DATASET RECORDS.
(* Fix any input (any fixed initial content of the tape). The set of programs whose computation on this input falls off the tape before reaching the halt state and before repeating a state has asymptotic probability one.
   Context: Model of computation: a single head reads and writes symbols $0,1$ on a one-way infinite tape with cells indexed $0,1,2,\dots$; the head starts on cell $0$. An $n$-state program has states $Q=\{q_1,\dots,q_n\}$, with $q_1$ the start state, plus a separate halt state not in $Q$. A program is a function $p: Q\times\{0,1\}\to (Q\cup\{\mathrm{halt}\})\times\{0,1\}\times\{L,R\}$; $p(q,i)=\langle r,j,d\rangle$ means: in state $q$ reading $i$, write $j$, move one cell in direction $d$, enter state $r$. The computation stops when the halt state is reached ("halting") or when the head attempts to move left from cell $0$ ("falls off the tape"); in the latter case the target state of that transition is not regarded as reached. The computation "repeats a state" if some state occurs twice in the sequence of states $q_1=s_0,s_1,\dots$ reached at successive steps. Let $P_n$ be the set of all $n$-state programs; the asymptotic probability of a set $B$ of programs is $\mu(B)=\lim_{n\to\infty}|B\cap P_n|/|P_n|$, when this limit exists. *)

theory Defs
  imports Complex_Main "HOL-Library.FuncSet"
begin

(* Tape symbols 0,1 are encoded as False,True.
   States q_1,...,q_n are encoded as 0,...,n-1 (q_1 = 0 is the start state);
   a transition target is "Some r" for state r, or "None" for the halt state. *)

datatype dir = L | R

type_synonym program = "nat \<times> bool \<Rightarrow> nat option \<times> bool \<times> dir"

(* configuration: (current state, tape content, head position) *)
type_synonym config = "nat \<times> (nat \<Rightarrow> bool) \<times> nat"

definition programs :: "nat \<Rightarrow> program set" where
  "programs n = ({0..<n} \<times> (UNIV :: bool set)) \<rightarrow>\<^sub>E
                  ((insert None (Some ` {0..<n})) \<times> (UNIV :: bool set) \<times> (UNIV :: dir set))"

fun trans_of :: "program \<Rightarrow> config \<Rightarrow> nat option \<times> bool \<times> dir" where
  "trans_of p (q, t, h) = p (q, t h)"

fun falls_off :: "program \<Rightarrow> config \<Rightarrow> bool" where
  "falls_off p (q, t, h) = (h = 0 \<and> snd (snd (p (q, t h))) = L)"

fun step :: "program \<Rightarrow> config \<Rightarrow> config" where
  "step p (q, t, h) =
     (case p (q, t h) of (r, j, d) \<Rightarrow>
        (the r, t(h := j), (if d = R then Suc h else h - 1)))"

definition conf :: "program \<Rightarrow> (nat \<Rightarrow> bool) \<Rightarrow> nat \<Rightarrow> config" where
  "conf p x i = (step p ^^ i) (0, x, 0)"

definition falls_off_before_halt_or_repeat :: "program \<Rightarrow> (nat \<Rightarrow> bool) \<Rightarrow> bool" where
  "falls_off_before_halt_or_repeat p x \<longleftrightarrow>
     (\<exists>k. (\<forall>i<k. \<not> falls_off p (conf p x i) \<and> fst (trans_of p (conf p x i)) \<noteq> None)
        \<and> falls_off p (conf p x k)
        \<and> inj_on (\<lambda>i. fst (conf p x i)) {..k})"

end

theory Submission
  imports Defs
begin

text \<open>
  Until it repeats a state, a computation reads every transition p(q, t h) at a state q that
  has not been visited before, so for a uniformly random program these transitions are
  independent and uniform. Hence the head performs a fair random walk on the cells, and as long
  as at most m states have been visited, the next state is new with probability at least
  (n - m) / (n + 1). The probability of falling off within m steps before halting or repeating
  is therefore at least ((n - m) / (n + 1))^m times the probability that a simple random walk
  started at cell 0 steps below 0 within m steps. For fixed m the first factor tends to 1 as
  n grows, and the second tends to 1 as m grows, by recurrence of the simple random walk.
\<close>

lemma card_PiE_fiber:
  assumes "k \<in> I" "b \<in> B k" "\<And>f c. P (f(k := c)) = P f"
  shows "card (B k) * card {f \<in> Pi\<^sub>E I B. f k = b \<and> P f} = card {f \<in> Pi\<^sub>E I B. P f}"
proof -
  have "bij_betw (\<lambda>(c, f). f(k := c)) (B k \<times> {f \<in> Pi\<^sub>E I B. f k = b \<and> P f}) {f \<in> Pi\<^sub>E I B. P f}"
    by (rule bij_betwI[where g = "\<lambda>f. (f k, f(k := b))"])
       (use assms in \<open>auto simp: PiE_iff extensional_def\<close>)
  then show ?thesis
    by (simp add: bij_betw_same_card flip: card_cartesian_product)
qed

lemma UNIV_dir: "(UNIV :: dir set) = {L, R}"
  using dir.exhaust by auto

definition targets :: "nat \<Rightarrow> nat option set" where
  "targets n = insert None (Some ` {0..<n})"

definition actions :: "nat \<Rightarrow> (nat option \<times> bool \<times> dir) set" where
  "actions n = targets n \<times> UNIV \<times> UNIV"

lemma finite_targets: "finite (targets n)"
  by (simp add: targets_def)

lemma card_targets: "card (targets n) = n + 1"
  by (simp add: targets_def card_image)

lemma finite_actions: "finite (actions n)"
  by (simp add: actions_def finite_targets UNIV_dir)

lemma card_actions: "card (actions n) = 4 * (n + 1)"
  by (simp add: actions_def card_cartesian_product card_targets UNIV_dir)

lemma programs_eq_PiE: "programs n = Pi\<^sub>E ({0..<n} \<times> UNIV) (\<lambda>_. actions n)"
  by (simp add: programs_def actions_def targets_def)

lemma finite_programs: "finite (programs n)"
  by (simp add: programs_eq_PiE finite_actions finite_PiE)

lemma card_programs_pos: "0 < card (programs n)"
  using finite_programs by (simp add: card_gt_0_iff programs_eq_PiE PiE_eq_empty_iff actions_def targets_def)

definition uniform_prob :: "nat \<Rightarrow> (program \<Rightarrow> bool) \<Rightarrow> real" where
  "uniform_prob n P = real (card {p \<in> programs n. P p}) / real (card (programs n))"

lemma uniform_prob_True: "uniform_prob n (\<lambda>_. True) = 1"
  using card_programs_pos[of n] by (simp add: uniform_prob_def)

lemma uniform_prob_False: "uniform_prob n (\<lambda>_. False) = 0"
  by (simp add: uniform_prob_def)

lemma uniform_prob_nonneg: "0 \<le> uniform_prob n P"
  by (simp add: uniform_prob_def)

lemma uniform_prob_mono:
  assumes "\<And>p. p \<in> programs n \<Longrightarrow> P p \<Longrightarrow> Q p"
  shows "uniform_prob n P \<le> uniform_prob n Q"
  unfolding uniform_prob_def using assms finite_programs
  by (intro divide_right_mono of_nat_mono card_mono) auto

lemma uniform_prob_le_1: "uniform_prob n P \<le> 1"
  using uniform_prob_mono[of n P "\<lambda>_. True"] by (simp add: uniform_prob_True)

lemma uniform_prob_sum_fibers:
  assumes "k \<in> {0..<n} \<times> UNIV"
  shows "uniform_prob n P = (\<Sum>b\<in>actions n. uniform_prob n (\<lambda>p. p k = b \<and> P p))"
proof -
  have "(\<lambda>p. p k) ` {p \<in> programs n. P p} \<subseteq> actions n"
    using assms by (auto simp: programs_eq_PiE)
  then have "card {p \<in> programs n. P p} = (\<Sum>b\<in>actions n. card {p \<in> {p \<in> programs n. P p}. p k = b})"
    using sum.group[of "{p \<in> programs n. P p}" "actions n" "\<lambda>p. p k" "\<lambda>_. 1::nat"]
    by (simp add: finite_programs finite_actions)
  also have "\<dots> = (\<Sum>b\<in>actions n. card {p \<in> programs n. p k = b \<and> P p})"
    by (intro sum.cong arg_cong[where f = card]) auto
  finally show ?thesis
    by (simp add: uniform_prob_def flip: sum_divide_distrib)
qed

lemma uniform_prob_fiber:
  assumes "k \<in> {0..<n} \<times> UNIV" "b \<in> actions n" "\<And>p c. P (p(k := c)) = P p"
  shows "uniform_prob n (\<lambda>p. p k = b \<and> P p) = uniform_prob n P / (4 * (real n + 1))"
proof -
  have "card {p \<in> programs n. P p} = 4 * (n + 1) * card {p \<in> programs n. p k = b \<and> P p}"
    using card_PiE_fiber[of k "{0..<n} \<times> UNIV" b "\<lambda>_. actions n" P] assms
    unfolding programs_eq_PiE card_actions by simp
  then have "real (card {p \<in> programs n. P p}) = 4 * (real n + 1) * card {p \<in> programs n. p k = b \<and> P p}"
    by (simp add: algebra_simps)
  moreover have "4 * (real n + 1) \<noteq> 0"
    by simp
  ultimately show ?thesis
    by (simp add: uniform_prob_def)
qed

definition move :: "nat \<Rightarrow> dir \<Rightarrow> nat" where
  "move h d = (if d = R then Suc h else h - 1)"

text \<open>
  The probability that a fair random walk started at cell h falls off cell 0 within m steps,
  when each move that stays on the tape survives only with probability a.
\<close>

fun fall_prob :: "real \<Rightarrow> nat \<Rightarrow> nat \<Rightarrow> real" where
  "fall_prob a 0 h = 0"
| "fall_prob a (Suc m) h =
     (\<Sum>d\<in>{L, R}. if h = 0 \<and> d = L then 1 else a * fall_prob a m (move h d)) / 2"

WHAT IS EXPECTED.
In the listing above, locate the line containing "unfolding uniform_prob_def using" and the line containing "c. P (p(k := c))", then transcribe both and every line between them verbatim.

RESULT OF THIS TASK.
  unfolding uniform_prob_def using assms finite_programs
  by (intro divide_right_mono of_nat_mono card_mono) auto

lemma uniform_prob_le_1: "uniform_prob n P \<le> 1"
  using uniform_prob_mono[of n P "\<lambda>_. True"] by (simp add: uniform_prob_True)

lemma uniform_prob_sum_fibers:
  assumes "k \<in> {0..<n} \<times> UNIV"
  shows "uniform_prob n P = (\<Sum>b\<in>actions n. uniform_prob n (\<lambda>p. p k = b \<and> P p))"
proof -
  have "(\<lambda>p. p k) ` {p \<in> programs n. P p} \<subseteq> actions n"
    using assms by (auto simp: programs_eq_PiE)
  then have "card {p \<in> programs n. P p} = (\<Sum>b\<in>actions n. card {p \<in> {p \<in> programs n. P p}. p k = b})"
    using sum.group[of "{p \<in> programs n. P p}" "actions n" "\<lambda>p. p k" "\<lambda>_. 1::nat"]
    by (simp add: finite_programs finite_actions)
  also have "\<dots> = (\<Sum>b\<in>actions n. card {p \<in> programs n. p k = b \<and> P p})"
    by (intro sum.cong arg_cong[where f = card]) auto
  finally show ?thesis
    by (simp add: uniform_prob_def flip: sum_divide_distrib)
qed

lemma uniform_prob_fiber:
  assumes "k \<in> {0..<n} \<times> UNIV" "b \<in> actions n" "\<And>p c. P (p(k := c)) = P p"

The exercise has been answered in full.